--- Information shown Enclosed Below ---

lemma card_samples_mapping_vertices_ge:
  fixes e :: real
  assumes e: "0 \<le> e" "e \<le> 1"
    and bal: "\<And>k. k < n - 1 \<Longrightarrow> k \<noteq> i \<Longrightarrow> k \<le> j \<Longrightarrow> balanced e c (b + k)"
  shows "(1 - e) ^ (n - 2) * real (card samples)
    \<le> real (card {s \<in> samples. vertex_image s i = a \<and> vertex_image s j = c})
      * (real NB * real K * 2 ^ (2 * d - P - 2))"
proof -
  have half: "(1 - e) * K \<le> 2 * real (card (fiber_choices k))" if "k \<in> constrained" for k
    using that sign_sum_le_imp_card_ge[OF bal[unfolded balanced_def]] ij
    by (cases "k < j") (auto simp: constrained_def fiber_choices_def)
  have "card fiber \<le> card {s \<in> samples. vertex_image s i = a \<and> vertex_image s j = c}"
    using fiber_subset_samples vertex_images_fiber finite_samples by (intro card_mono) auto
  then have "real (card fiber) * (real NB * real K * 2 ^ (2 * d - P - 2))
      \<le> real (card {s \<in> samples. vertex_image s i = a \<and> vertex_image s j = c})
        * (real NB * real K * 2 ^ (2 * d - P - 2))"
    by (intro mult_right_mono) auto
  with card_fiber_ge[OF e half] show ?thesis
    by (rule order_trans)
qed

end

definition near_blocks :: "nat \<Rightarrow> nat set" where
  "near_blocks r = {\<beta>. \<beta> < card L div K \<and> \<beta> \<noteq> r div K \<and> \<beta> \<le> r div K + n \<and> r div K \<le> \<beta> + n}"

definition balanced_pair :: "real \<Rightarrow> nat \<Rightarrow> bool list set \<Rightarrow> bool" where
  "balanced_pair e r q \<longleftrightarrow> (\<forall>y\<in>q. y ! (levels ! r - 1) \<longrightarrow> (\<forall>\<beta>\<in>near_blocks r. balanced e y \<beta>))"

definition central :: "nat \<Rightarrow> bool" where
  "central r \<longleftrightarrow> n - 2 \<le> r div K \<and> r div K < NB"

lemma tau_eq: "1 \<le> l \<Longrightarrow> tau l d = 2 ^ (2 * d - (l - 1) - 2)"
  by (simp add: tau_def)

text \<open>The level with index r is the (r mod K)-th level of block r div K, so an edge between
  vertices i < j can be mapped to a pair at that level by samples starting at block
  r div K - i.\<close>
lemma card_samples_mapping_at_level_ge:
  fixes e :: real
  assumes e: "0 \<le> e" "e \<le> 1" and ij: "i < j" "j < n"
    and r: "r < card L" "central r"
    and ac: "a \<in> cube d" "c \<in> cube d" "\<forall>p < levels ! r - 1. a ! p = c ! p"
      "\<not> a ! (levels ! r - 1)" "c ! (levels ! r - 1)"
    and bal: "\<forall>\<beta>\<in>near_blocks r. balanced e c \<beta>"
  shows "(1 - e) ^ (n - 2) * real (card samples)
    \<le> real (card {s \<in> samples. vertex_image s i = a \<and> vertex_image s j = c})
      * (real NB * real K * tau (levels ! r) d)"
proof -
  have i: "i \<le> r div K"
    using ij r unfolding central_def by arith
  have "NB + n \<le> card L div K"
    using enough_levels K_pos by (simp add: less_eq_div_iff_mult_less_eq)
  then have "r div K - i + k \<in> near_blocks r" if "k < n - 1" "k \<noteq> i" "k \<le> j" for k
    using that i r(2) ij unfolding near_blocks_def central_def mem_Collect_eq by (intro conjI; arith)
  then have bal': "balanced e c (r div K - i + k)" if "k < n - 1" "k \<noteq> i" "k \<le> j" for k
    using bal that by blast
  have P: "coord (r div K - i + i) (r mod K) = levels ! r - 1"
    using i by (simp add: coord_def)
  have b: "r div K - i < NB"
    using r(2) by (simp add: central_def less_imp_diff_less)
  have "(1 - e) ^ (n - 2) * real (card samples)
      \<le> real (card {s \<in> samples. vertex_image s i = a \<and> vertex_image s j = c})
        * (real NB * real K * 2 ^ (2 * d - (levels ! r - 1) - 2))"
    using card_samples_mapping_vertices_ge[OF b ij mod_less_divisor[OF K_pos] P ac e bal'] .
  then show ?thesis
    unfolding tau_eq[OF levels_bounds(1)[OF r(1)]] by simp
qed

--- End of Enclosed Information shown ---

## What is required
Each record, from first to last, should be returned verbatim.

## Response
lemma card_samples_mapping_vertices_ge:
  fixes e :: real
  assumes e: "0 \<le> e" "e \<le> 1"
    and bal: "\<And>k. k < n - 1 \<Longrightarrow> k \<noteq> i \<Longrightarrow> k \<le> j \<Longrightarrow> balanced e c (b + k)"
  shows "(1 - e) ^ (n - 2) * real (card samples)
    \<le> real (card {s \<in> samples. vertex_image s i = a \<and> vertex_image s j = c})
      * (real NB * real K * 2 ^ (2 * d - P - 2))"
proof -
  have half: "(1 - e) * K \<le> 2 * real (card (fiber_choices k))" if "k \<in> constrained" for k
    using that sign_sum_le_imp_card_ge[OF bal[unfolded balanced_def]] ij
    by (cases "k < j") (auto simp: constrained_def fiber_choices_def)
  have "card fiber \<le> card {s \<in> samples. vertex_image s i = a \<and> vertex_image s j = c}"
    using fiber_subset_samples vertex_images_fiber finite_samples by (intro card_mono) auto
  then have "real (card fiber) * (real NB * real K * 2 ^ (2 * d - P - 2))
      \<le> real (card {s \<in> samples. vertex_image s i = a \<and> vertex_image s j = c})
        * (real NB * real K * 2 ^ (2 * d - P - 2))"
    by (intro mult_right_mono) auto
  with card_fiber_ge[OF e half] show ?thesis
    by (rule order_trans)
qed

end

definition near_blocks :: "nat \<Rightarrow> nat set" where
  "near_blocks r = {\<beta>. \<beta> < card L div K \<and> \<beta> \<noteq> r div K \<and> \<beta> \<le> r div K + n \<and> r div K \<le> \<beta> + n}"

definition balanced_pair :: "real \<Rightarrow> nat \<Rightarrow> bool list set \<Rightarrow> bool" where
  "balanced_pair e r q \<longleftrightarrow> (\<forall>y\<in>q. y ! (levels ! r - 1) \<longrightarrow> (\<forall>\<beta>\<in>near_blocks r. balanced e y \<beta>))"

definition central :: "nat \<Rightarrow> bool" where
  "central r \<longleftrightarrow> n - 2 \<le> r div K \<and> r div K < NB"

lemma tau_eq: "1 \<le> l \<Longrightarrow> tau l d = 2 ^ (2 * d - (l - 1) - 2)"
  by (simp add: tau_def)

text \<open>The level with index r is the (r mod K)-th level of block r div K, so an edge between
  vertices i < j can be mapped to a pair at that level by samples starting at block
  r div K - i.\<close>
lemma card_samples_mapping_at_level_ge:
  fixes e :: real
  assumes e: "0 \<le> e" "e \<le> 1" and ij: "i < j" "j < n"
    and r: "r < card L" "central r"
    and ac: "a \<in> cube d" "c \<in> cube d" "\<forall>p < levels ! r - 1. a ! p = c ! p"
      "\<not> a ! (levels ! r - 1)" "c ! (levels ! r - 1)"
    and bal: "\<forall>\<beta>\<in>near_blocks r. balanced e c \<beta>"
  shows "(1 - e) ^ (n - 2) * real (card samples)
    \<le> real (card {s \<in> samples. vertex_image s i = a \<and> vertex_image s j = c})
      * (real NB * real K * tau (levels ! r) d)"
proof -
  have i: "i \<le> r div K"
    using ij r unfolding central_def by arith
  have "NB + n \<le> card L div K"
    using enough_levels K_pos by (simp add: less_eq_div_iff_mult_less_eq)
  then have "r div K - i + k \<in> near_blocks r" if "k < n - 1" "k \<noteq> i" "k \<le> j" for k
    using that i r(2) ij unfolding near_blocks_def central_def mem_Collect_eq by (intro conjI; arith)
  then have bal': "balanced e c (r div K - i + k)" if "k < n - 1" "k \<noteq> i" "k \<le> j" for k
    using bal that by blast
  have P: "coord (r div K - i + i) (r mod K) = levels ! r - 1"
    using i by (simp add: coord_def)
  have b: "r div K - i < NB"
    using r(2) by (simp add: central_def less_imp_diff_less)
  have "(1 - e) ^ (n - 2) * real (card samples)
      \<le> real (card {s \<in> samples. vertex_image s i = a \<and> vertex_image s j = c})
        * (real NB * real K * 2 ^ (2 * d - (levels ! r - 1) - 2))"
    using card_samples_mapping_vertices_ge[OF b ij mod_less_divisor[OF K_pos] P ac e bal'] .
  then show ?thesis
    unfolding tau_eq[OF levels_bounds(1)[OF r(1)]] by simp
qed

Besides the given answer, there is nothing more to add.